(* As $m\to\infty$ through the positive integers, $$\gamma_1\!\left(\tfrac{1}{m}\right)+m\ln m\to\gamma_1,\qquad \gamma_2\!\left(\tfrac{1}{m}\right)-m\ln^2 m\to\gamma_2.$$
   Context: The Stieltjes constants $\gamma_k(a)$ are defined by the Laurent expansion of the Hurwitz zeta function $\zeta(s,a)=\frac{1}{s-1}+\sum_{n=0}^\infty \frac{(-1)^n}{n!}\gamma_n(a)(s-1)^n$ about $s=1$; $\gamma_k:=\gamma_k(1)$. *)

theory Defs
  imports "HOL-Analysis.Analysis"
begin

text \<open>Hurwitz zeta function on the half-line of convergence s > 1 (real s, a > 0).\<close>
definition hurwitz_zeta_real :: "real \<Rightarrow> real \<Rightarrow> real" where
  "hurwitz_zeta_real s a = (\<Sum>k. (real k + a) powr (-s))"

text \<open>Stieltjes constants via the Laurent expansion about s = 1:
  zeta(s,a) - 1/(s-1) is analytic at 1 with Taylor coefficients (-1)^n gamma_n(a)/n!,
  hence gamma_n(a) = (-1)^n g^(n)(1) where g(s) = zeta(s,a) - 1/(s-1); the value
  g^(n)(1) is obtained as the limit of g^(n)(s) as s tends to 1 from the right.\<close>
definition stieltjes :: "nat \<Rightarrow> real \<Rightarrow> real" where
  "stieltjes n a = (-1) ^ n *
     Lim (at_right 1) ((deriv ^^ n) (\<lambda>s. hurwitz_zeta_real s a - 1 / (s - 1)))"

end

theory Submission
  imports Defs "HOL-Complex_Analysis.Complex_Analysis"
begin

(*
  Since zeta(s,1/m) = m^s + zeta(s,1+1/m), the regular part zeta(s,1/m) - 1/(s-1) at s = 1
  splits as m^s + (zeta(s,1) - 1/(s-1)) + (zeta(s,1+1/m) - zeta(s,1)).  The n-th derivative
  of m^s at 1 is m ln^n m.  The last summand is holomorphic on the fixed disc |s-1| < 1/2 and,
  by the mean value theorem applied termwise, bounded there by O(1/m); Cauchy's estimates make
  all its derivatives at 1 O(1/m).  The regular part of zeta(s,1) itself is continued across s = 1 using the
  duplication formula zeta(s,1/2) = (2^s - 1) zeta(s,1).
*)

lemma summable_hurwitz_zeta_real:
  assumes "1 < s" "0 < a"
  shows "summable (\<lambda>k. (real k + a) powr (-s))"
proof (rule summable_comparison_test'[where N=1])
  show "summable (\<lambda>k. real k powr (-s))"
    using summable_real_powr_iff[of "-s"] assms by simp
  show "norm ((real k + a) powr (-s)) \<le> real k powr (-s)" if "k \<ge> 1" for k
    using that assms by (auto intro!: powr_mono2')
qed

lemma hurwitz_zeta_real_shift:
  assumes "1 < s" "0 < a"
  shows "hurwitz_zeta_real s a = a powr (-s) + hurwitz_zeta_real s (a + 1)"
  using suminf_split_head[OF summable_hurwitz_zeta_real[OF assms]]
  unfolding hurwitz_zeta_real_def by (simp add: add_ac)

lemma hurwitz_zeta_real_half:
  assumes "1 < s"
  shows "hurwitz_zeta_real s (1/2) = (2 powr s - 1) * hurwitz_zeta_real s 1"
proof -
  define f where "f k = (real k + 1) powr (-s)" for k
  define Z where "Z = hurwitz_zeta_real s 1"
  define H where "H = hurwitz_zeta_real s (1/2)"
  have "f sums Z"
    unfolding f_def Z_def hurwitz_zeta_real_def
    using assms by (intro summable_sums summable_hurwitz_zeta_real) auto
  then have pairs: "(\<lambda>n. f (2*n) + f (2*n+1)) sums Z"
    using sums_group[of f Z 2] by (simp add: mult.commute numeral_2_eq_2)
  have "f (2*n) + f (2*n+1) = 2 powr (-s) * ((real n + 1/2) powr (-s) + (real n + 1) powr (-s))" for n
  proof -
    have "f (2*n) = 2 powr (-s) * (real n + 1/2) powr (-s)"
      unfolding f_def by (subst powr_mult[symmetric]) (auto simp: algebra_simps)
    moreover have "f (2*n+1) = 2 powr (-s) * (real n + 1) powr (-s)"
      unfolding f_def by (subst powr_mult[symmetric]) (auto simp: algebra_simps)
    ultimately show ?thesis by (simp add: algebra_simps)
  qed
  moreover have "(\<lambda>n. 2 powr (-s) * ((real n + 1/2) powr (-s) + (real n + 1) powr (-s)))
                   sums (2 powr (-s) * (H + Z))"
    unfolding H_def Z_def hurwitz_zeta_real_def
    using assms by (intro sums_mult sums_add summable_sums summable_hurwitz_zeta_real) auto
  ultimately have "Z = 2 powr (-s) * (H + Z)"
    using pairs sums_unique2 by simp
  then have "2 powr s * Z = H + Z"
    by (simp add: powr_minus field_simps)
  then show ?thesis
    unfolding H_def Z_def by (simp add: algebra_simps)
qed

lemma norm_powr_diff_le:
  fixes x y :: real and z :: complex
  assumes "1 \<le> x" "1 \<le> y" and z: "z \<in> cball 1 (1/2)"
  shows "norm (of_real x powr (-z) - of_real y powr (-z)) \<le> 3/2 * \<bar>x - y\<bar> * min x y powr (-3/2)"
proof -
  let ?S = "closed_segment (complex_of_real x) (of_real y)"
  have real_point: "\<exists>t. w = of_real t \<and> min x y \<le> t" if "w \<in> ?S" for w
    using that by (auto simp: closed_segment_of_real closed_segment_eq_real_ivl split: if_splits)
  have norm_z: "norm z \<le> 3/2"
    using z norm_triangle_ineq[of 1 "z - 1"] by (auto simp: dist_norm norm_minus_commute)
  have Re_z: "Re z \<ge> 1/2"
    using z abs_Re_le_cmod[of "z - 1"] by (auto simp: dist_norm norm_minus_commute)
  have "norm (of_real x powr (-z) - of_real y powr (-z))
        \<le> (3/2 * min x y powr (-3/2)) * norm (complex_of_real x - of_real y)"
  proof (rule field_differentiable_bound[where f' = "\<lambda>w. - z * w powr (-z - 1)"])
    fix w assume "w \<in> ?S"
    then obtain t where t: "w = of_real t" "min x y \<le> t" using real_point by blast
    with assms have "w \<notin> \<real>\<^sub>\<le>\<^sub>0" by (auto simp: complex_nonpos_Reals_iff)
    then show "((\<lambda>w. w powr (-z)) has_field_derivative - z * w powr (-z - 1)) (at w within ?S)"
      using has_field_derivative_at_within has_field_derivative_powr by fastforce
  next
    fix w assume "w \<in> ?S"
    then obtain t where t: "w = of_real t" "min x y \<le> t" using real_point by blast
    have "norm (w powr (-z - 1)) = t powr (- Re z - 1)"
      using t assms by (simp add: norm_powr_real_powr)
    also have "\<dots> \<le> min x y powr (- Re z - 1)"
      using t assms Re_z by (intro powr_mono2') auto
    also have "\<dots> \<le> min x y powr (-3/2)"
      using assms Re_z by (intro powr_mono) auto
    finally show "norm (- z * w powr (-z - 1)) \<le> 3/2 * min x y powr (-3/2)"
      unfolding norm_mult norm_minus_cancel using norm_z by (intro mult_mono) auto
  qed auto
  moreover have "norm (complex_of_real x - of_real y) = \<bar>x - y\<bar>"
    by (metis norm_of_real of_real_diff)
  ultimately show ?thesis
    by (simp add: algebra_simps)
qed

text \<open>Unlike either zeta function, the difference series converges for Re z > 0 and so is
  holomorphic across z = 1.\<close>

definition hurwitz_zeta_diff :: "real \<Rightarrow> real \<Rightarrow> complex \<Rightarrow> complex" where
  "hurwitz_zeta_diff a b z =
     (\<Sum>k. of_real (real k + a) powr (-z) - of_real (real k + b) powr (-z))"

lemma hurwitz_zeta_diff_holomorphic:
  assumes "0 \<le> a" "0 \<le> b"
  shows "hurwitz_zeta_diff a b holomorphic_on ball 1 (1/2)"
    and "continuous_on (cball 1 (1/2)) (hurwitz_zeta_diff a b)"
proof -
  define u where "u k z = of_real (real k + a) powr (-z) - of_real (real k + b) powr (-z)"
    for k :: nat and z :: complex
  have lim: "uniform_limit (cball 1 (1/2)) (\<lambda>n z. \<Sum>k<n. u k z) (\<lambda>z. \<Sum>k. u k z)
               sequentially"
  proof (rule Weierstrass_m_test_ev)
    show "\<forall>\<^sub>F k in sequentially. \<forall>z\<in>cball 1 (1/2).
            norm (u k z) \<le> 3/2 * \<bar>a - b\<bar> * real k powr (-3/2)"
      using eventually_ge_at_top[of "1::nat"]
    proof eventually_elim
      case (elim k)
      show ?case
      proof
        fix z :: complex assume "z \<in> cball 1 (1/2)"
        with elim assms have
          "norm (u k z) \<le> 3/2 * \<bar>a - b\<bar> * min (real k + a) (real k + b) powr (-3/2)"
          unfolding u_def using norm_powr_diff_le[of "real k + a" "real k + b" z] by simp
        also have "\<dots> \<le> 3/2 * \<bar>a - b\<bar> * real k powr (-3/2)"
          using assms elim by (intro mult_left_mono powr_mono2') auto
        finally show "norm (u k z) \<le> 3/2 * \<bar>a - b\<bar> * real k powr (-3/2)" .
      qed
    qed
    show "summable (\<lambda>k. 3/2 * \<bar>a - b\<bar> * real k powr (-3/2))"
      using summable_real_powr_iff[of "-3/2"] by (intro summable_mult) simp
  qed
  have partial_sums: "\<forall>\<^sub>F n in sequentially.
      continuous_on (cball 1 (1/2)) (\<lambda>z. \<Sum>k<n. u k z) \<and>
      (\<lambda>z. \<Sum>k<n. u k z) holomorphic_on ball 1 (1/2)"
    unfolding u_def by (intro always_eventually allI conjI holomorphic_on_imp_continuous_on holomorphic_intros)
  obtain "continuous_on (cball 1 (1/2)) (\<lambda>z. \<Sum>k. u k z)"
      "(\<lambda>z. \<Sum>k. u k z) holomorphic_on ball 1 (1/2)"
    using holomorphic_uniform_limit[OF partial_sums lim] by auto
  then show "hurwitz_zeta_diff a b holomorphic_on ball 1 (1/2)"
    and "continuous_on (cball 1 (1/2)) (hurwitz_zeta_diff a b)"
    unfolding hurwitz_zeta_diff_def[abs_def] u_def by auto
qed

lemma hurwitz_zeta_diff_of_real_sums:
  assumes "0 < a" "0 < b" "(\<lambda>k. (real k + a) powr (-s) - (real k + b) powr (-s)) sums L"
  shows "hurwitz_zeta_diff a b (of_real s) = of_real L"
proof -
  have "of_real (real k + c) powr (- of_real s) = complex_of_real ((real k + c) powr (-s))"
    if "0 < c" for c k
    using powr_of_real[of "real k + c" "-s"] that by simp
  with sums_of_real[OF assms(3), where 'a=complex] show ?thesis
    unfolding hurwitz_zeta_diff_def using assms by (simp add: sums_iff)
qed

lemma hurwitz_zeta_diff_of_real:
  assumes "1 < s" "0 < a" "0 < b"
  shows "hurwitz_zeta_diff a b (of_real s) = of_real (hurwitz_zeta_real s a - hurwitz_zeta_real s b)"
  unfolding hurwitz_zeta_real_def using assms
  by (intro hurwitz_zeta_diff_of_real_sums sums_diff summable_sums summable_hurwitz_zeta_real)

lemma norm_hurwitz_zeta_diff_le:
  assumes "1 \<le> a" "1 \<le> b" "z \<in> cball 1 (1/2)"
  shows "norm (hurwitz_zeta_diff a b z) \<le> 3/2 * hurwitz_zeta_real (3/2) 1 * \<bar>a - b\<bar>"
proof -
  have summable: "summable (\<lambda>k. (real k + 1) powr (-3/2))"
    using summable_hurwitz_zeta_real[of "3/2" 1] by simp
  have "norm (hurwitz_zeta_diff a b z) \<le> (\<Sum>k. 3/2 * \<bar>a - b\<bar> * (real k + 1) powr (-3/2))"
    unfolding hurwitz_zeta_diff_def
  proof (rule norm_suminf_le)
    fix k
    have "norm (of_real (real k + a) powr (-z) - of_real (real k + b) powr (-z))
            \<le> 3/2 * \<bar>a - b\<bar> * min (real k + a) (real k + b) powr (-3/2)"
      using norm_powr_diff_le[of "real k + a" "real k + b" z] assms by simp
    also have "\<dots> \<le> 3/2 * \<bar>a - b\<bar> * (real k + 1) powr (-3/2)"
      using assms by (intro mult_left_mono powr_mono2') auto
    finally show "norm (of_real (real k + a) powr (-z) - of_real (real k + b) powr (-z))
            \<le> 3/2 * \<bar>a - b\<bar> * (real k + 1) powr (-3/2)" .
  qed (use summable in \<open>intro summable_mult\<close>)
  also have "\<dots> = 3/2 * hurwitz_zeta_real (3/2) 1 * \<bar>a - b\<bar>"
    unfolding hurwitz_zeta_real_def using suminf_mult[OF summable, of "3/2 * \<bar>a - b\<bar>"]
    by (simp add: mult_ac)
  finally show ?thesis .
qed

lemma norm_higher_deriv_hurwitz_zeta_diff_le:
  assumes "1 \<le> a" "1 \<le> b"
  shows "norm ((deriv ^^ n) (hurwitz_zeta_diff a b) 1)
           \<le> fact n * 2 ^ n * (3/2 * hurwitz_zeta_real (3/2) 1 * \<bar>a - b\<bar>)"
proof -
  have "norm ((deriv ^^ n) (hurwitz_zeta_diff a b) 1)
          \<le> fact n * (3/2 * hurwitz_zeta_real (3/2) 1 * \<bar>a - b\<bar>) / (1/2) ^ n"
    using assms
    by (intro Cauchy_inequality hurwitz_zeta_diff_holomorphic norm_hurwitz_zeta_diff_le)
       (auto simp: dist_norm)
  then show ?thesis
    by (simp add: power_one_over mult_ac)
qed

lemma hurwitz_zeta_diff_half_one_at_1: "hurwitz_zeta_diff (1/2) 1 1 = of_real (2 * ln 2)"
proof -
  have "(real k + 1/2) powr (-1) - (real k + 1) powr (-1)
          = 2 * (inverse (real (2*k+1)) - inverse (real (2*k+2)))" for k
  proof -
    have "(real k + 1/2) powr (-1) = 2 * inverse (real (2*k+1))"
      by (simp add: powr_neg_one field_simps)
    moreover have "(real k + 1) powr (-1) = 2 * inverse (real (2*k+2))"
      by (simp add: powr_neg_one field_simps)
    ultimately show ?thesis by (simp add: algebra_simps)
  qed
  then have "(\<lambda>k. (real k + 1/2) powr (-1) - (real k + 1) powr (-1)) sums (2 * ln 2)"
    using sums_mult[OF alternating_harmonic_series_sums', of 2] by simp
  from hurwitz_zeta_diff_of_real_sums[of "1/2" 1 1, OF _ _ this] show ?thesis
    by simp
qed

- Your goal
Wherever the word "ultimately" appears in a line of the data above, copy that line.

- Your solution
    ultimately show ?thesis by (simp add: algebra_simps)
  ultimately have "Z = 2 powr (-s) * (H + Z)"
  ultimately show ?thesis
    ultimately show ?thesis by (simp add: algebra_simps)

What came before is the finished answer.